The Fortinet Q4 Global Threat Landscape Report notes that the sophistication of attacks targeting organisations is accelerating at an unprecedented rate. While digital transformation is reshaping business on the one hand, on the other it is opening up the attack surface for cybercriminals to take advantage of new, disruptive opportunities to attack.

Anton Jacobsz, managing director at value-added distributor, Networks Unlimited, which distributes Fortinet throughout Africa, says, “Cyber attackers are making use of newer swarm-like capabilities, while simultaneously targeting multiple vulnerabilities, devices, and access points. This combination creates rapid threat development that is becoming increasingly difficult for many organisations to defend against. Organisations need to adopt strategies based on automation and integration to address these problems of adversarial speed and scale.”

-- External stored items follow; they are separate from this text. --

lemma tiling_box_reindex:
  assumes "tiling (box_tile I R c) (PiE I R)" "\<tau> permutes I" "\<And>s. s \<in> I \<Longrightarrow> inj (h s)"
  shows "tiling (box_tile I (\<lambda>s. h s ` R (\<tau> s)) c) (PiE I (\<lambda>s. h s ` R (\<tau> s)))"
proof -
  let ?\<Phi> = "\<lambda>f. \<lambda>s\<in>I. h s (f (\<tau> s))"
  have "tiling (box_tile I (\<lambda>s. h s ` R (\<tau> s)) c) (?\<Phi> ` PiE I R)"
  proof (rule tiling_image[OF assms(1)])
    show "inj_on ?\<Phi> (PiE I R)"
      using inj_on_PiE_reindex[OF assms(2,3)] by (rule inj_on_subset) (auto simp: PiE_iff)
  next
    fix A assume "box_tile I R c A"
    then obtain \<sigma> B where \<sigma>: "\<sigma> permutes I" "\<forall>s\<in>I. B s \<subseteq> R s \<and> card (B s) = c (\<sigma> s)"
      "A = PiE I B"
      unfolding box_tile_def by blast
    have "\<tau> s \<in> I" if "s \<in> I" for s
      using permutes_in_image[OF assms(2)] that by simp
    then have "h s ` B (\<tau> s) \<subseteq> h s ` R (\<tau> s) \<and> card (h s ` B (\<tau> s)) = c ((\<sigma> \<circ> \<tau>) s)"
      if "s \<in> I" for s
      using \<sigma>(2) that inj_on_subset[OF assms(3)[OF that] subset_UNIV]
      by (simp add: image_mono card_image)
    then show "box_tile I (\<lambda>s. h s ` R (\<tau> s)) c (?\<Phi> ` A)"
      unfolding box_tile_def \<sigma>(3) PiE_reindex_image[OF assms(2)]
      using permutes_compose[OF assms(2) \<sigma>(1)]
      by (intro exI[of _ "\<sigma> \<circ> \<tau>"] exI[of _ "\<lambda>s. h s ` B (\<tau> s)"]) simp
  qed
  then show ?thesis
    by (simp only: PiE_reindex_image[OF assms(2)])
qed

lemma inj_on_fun_upd_extensional:
  assumes "i \<notin> I"
  shows "inj_on (\<lambda>(y, f). f(i := y)) (S \<times> extensional I)"
proof (rule inj_onI, clarify)
  fix y f y' f'
  assume f: "f \<in> extensional I" "f' \<in> extensional I" and eq: "f(i := y) = f'(i := y')"
  have "f t = f' t" for t
    using fun_cong[OF eq, of t] f assms by (cases "t = i") (auto simp: extensional_def)
  then show "y = y' \<and> f = f'"
    using fun_cong[OF eq, of i] by auto
qed

lemma tiling_box_insert:
  assumes "tiling (box_tile I R c) (PiE I R)" "i \<notin> I" "card S = c i"
  shows "tiling (box_tile (insert i I) (R(i := S)) c) (PiE (insert i I) (R(i := S)))"
proof -
  let ?g = "\<lambda>(y, f). f(i := y)"
  have PiE_upd: "PiE (insert i I) (B(i := S)) = ?g ` (S \<times> PiE I B)" for B :: "_ \<Rightarrow> _ set"
  proof -
    have "PiE I (B(i := S)) = PiE I B"
      using assms(2) by (intro PiE_cong) auto
    then show ?thesis
      by (simp add: PiE_insert_eq)
  qed
  have "tiling (box_tile (insert i I) (R(i := S)) c) (?g ` (S \<times> PiE I R))"
  proof (rule tiling_image[OF tiling_Times[OF assms(1)]])
    show "inj_on ?g (S \<times> PiE I R)"
      using inj_on_fun_upd_extensional[OF assms(2)] by (rule inj_on_subset) (auto simp: PiE_iff)
  next
    fix C assume "\<exists>A. box_tile I R c A \<and> C = S \<times> A"
    then obtain \<sigma> B where \<sigma>: "\<sigma> permutes I" "\<forall>s\<in>I. B s \<subseteq> R s \<and> card (B s) = c (\<sigma> s)"
      "C = S \<times> PiE I B"
      unfolding box_tile_def by blast
    have "\<sigma> permutes insert i I" "\<sigma> i = i"
      using permutes_subset[OF \<sigma>(1)] permutes_not_in[OF \<sigma>(1) assms(2)] by auto
    moreover have "\<forall>s\<in>insert i I. (B(i := S)) s \<subseteq> (R(i := S)) s \<and> card ((B(i := S)) s) = c (\<sigma> s)"
      using \<sigma>(2) assms(3) \<open>\<sigma> i = i\<close> by auto
    ultimately show "box_tile (insert i I) (R(i := S)) c (?g ` C)"
      unfolding box_tile_def \<sigma>(3) PiE_upd[symmetric]
      by (intro exI[of _ \<sigma>] exI[of _ "B(i := S)"]) simp
  qed
  then show ?thesis
    by (simp only: PiE_upd)
qed

lemma tiling_PiE_interval_blocks:
  fixes N L M c :: nat
  assumes "i \<in> I" "tiling P (PiE I (R(i := {1..N})))"
    and "\<And>d. d + L \<le> M \<Longrightarrow> tiling P (PiE I (R(i := {d + 1..d + L})))"
  shows "N + c * L \<le> M \<Longrightarrow> tiling P (PiE I (R(i := {1..N + c * L})))"
proof (induction c)
  case 0
  show ?case using assms(2) by (simp only: mult_0 add_0_right)
next
  case (Suc c)
  have le: "N + c * L \<le> M" "N + c * L + L \<le> M"
    using Suc.prems by auto
  have "{1..N + c * L} \<union> {N + c * L + 1..N + c * L + L} = {1..N + Suc c * L}"
    by auto
  moreover have "tiling P (PiE I (R(i := {1..N + c * L} \<union> {N + c * L + 1..N + c * L + L})))"
    unfolding PiE_fun_upd_Un
    by (rule tiling_Un[OF Suc.IH[OF le(1)] assms(3)[OF le(2)] PiE_fun_upd_disjoint[OF assms(1)]]) auto
  ultimately show ?case
    by (simp only:)
qed

lemma tiling_box_enlarge:
  assumes "tiling (box_tile I R' c) (PiE I R')" "\<And>s. s \<in> I \<Longrightarrow> R' s = R0 s"
    and "\<And>s. s \<in> I \<Longrightarrow> R0 s \<subseteq> R s"
  shows "tiling (box_tile I R c) (PiE I R0)"
proof -
  have "PiE I R' = PiE I R0"
    using assms(2) by (rule PiE_cong)
  moreover have "tiling (box_tile I R c) (PiE I R')"
    using assms(1) by (rule tiling_mono) (rule box_tile_mono, use assms(2,3) in auto)
  ultimately show ?thesis
    by simp
qed

definition succ_cycle :: "nat \<Rightarrow> nat \<Rightarrow> nat" where
  "succ_cycle m s = (if s = m then 1 else if 1 \<le> s \<and> s < m then Suc s else s)"

lemma succ_cycle_permutes: "1 \<le> m \<Longrightarrow> succ_cycle m permutes {1..m}"
proof (rule bij_imp_permutes)
  assume m: "1 \<le> m"
  have "succ_cycle m ` {1..m} \<subseteq> {1..m}" "inj_on (succ_cycle m) {1..m}"
    using m unfolding succ_cycle_def inj_on_def by auto
  then show "bij_betw (succ_cycle m) {1..m} {1..m}"
    by (simp add: bij_betw_def endo_inj_surj)
qed (auto simp: succ_cycle_def)

definition box_sides :: "(nat \<Rightarrow> nat) \<Rightarrow> nat \<Rightarrow> nat \<Rightarrow> nat \<Rightarrow> nat set" where
  "box_sides F m n s = {1..F (n - m + s)}"

lemma has_tiling_iff:
  "has_tiling F m n \<longleftrightarrow> tiling (box_tile {1..m} (box_sides F m n) F) (PiE {1..m} (box_sides F m n))"
  unfolding has_tiling_def tiling_def is_sigma_subbox_def box_tile_def Fbox_def box_sides_def ..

The threat data in the Fortinet Q4 Global Threat Landscape Report reinforces many of the predictions unveiled by the Fortinet FortiGuard Labs global research team for 2018, which had previously predicted the rise of self-learning hivenets and swarmbots, as clarified in a blog entry which noted that: “…cybercriminals will eventually replace botnets built with mindless zombie devices with intelligent clusters of compromised devices to create more effective attacks. This would be a hivenet instead of a botnet. It would be able to use millions of interconnected devices, or swarmbots, to simultaneously identify and tackle different attack vectors, enabling attacks at an unprecedented scale…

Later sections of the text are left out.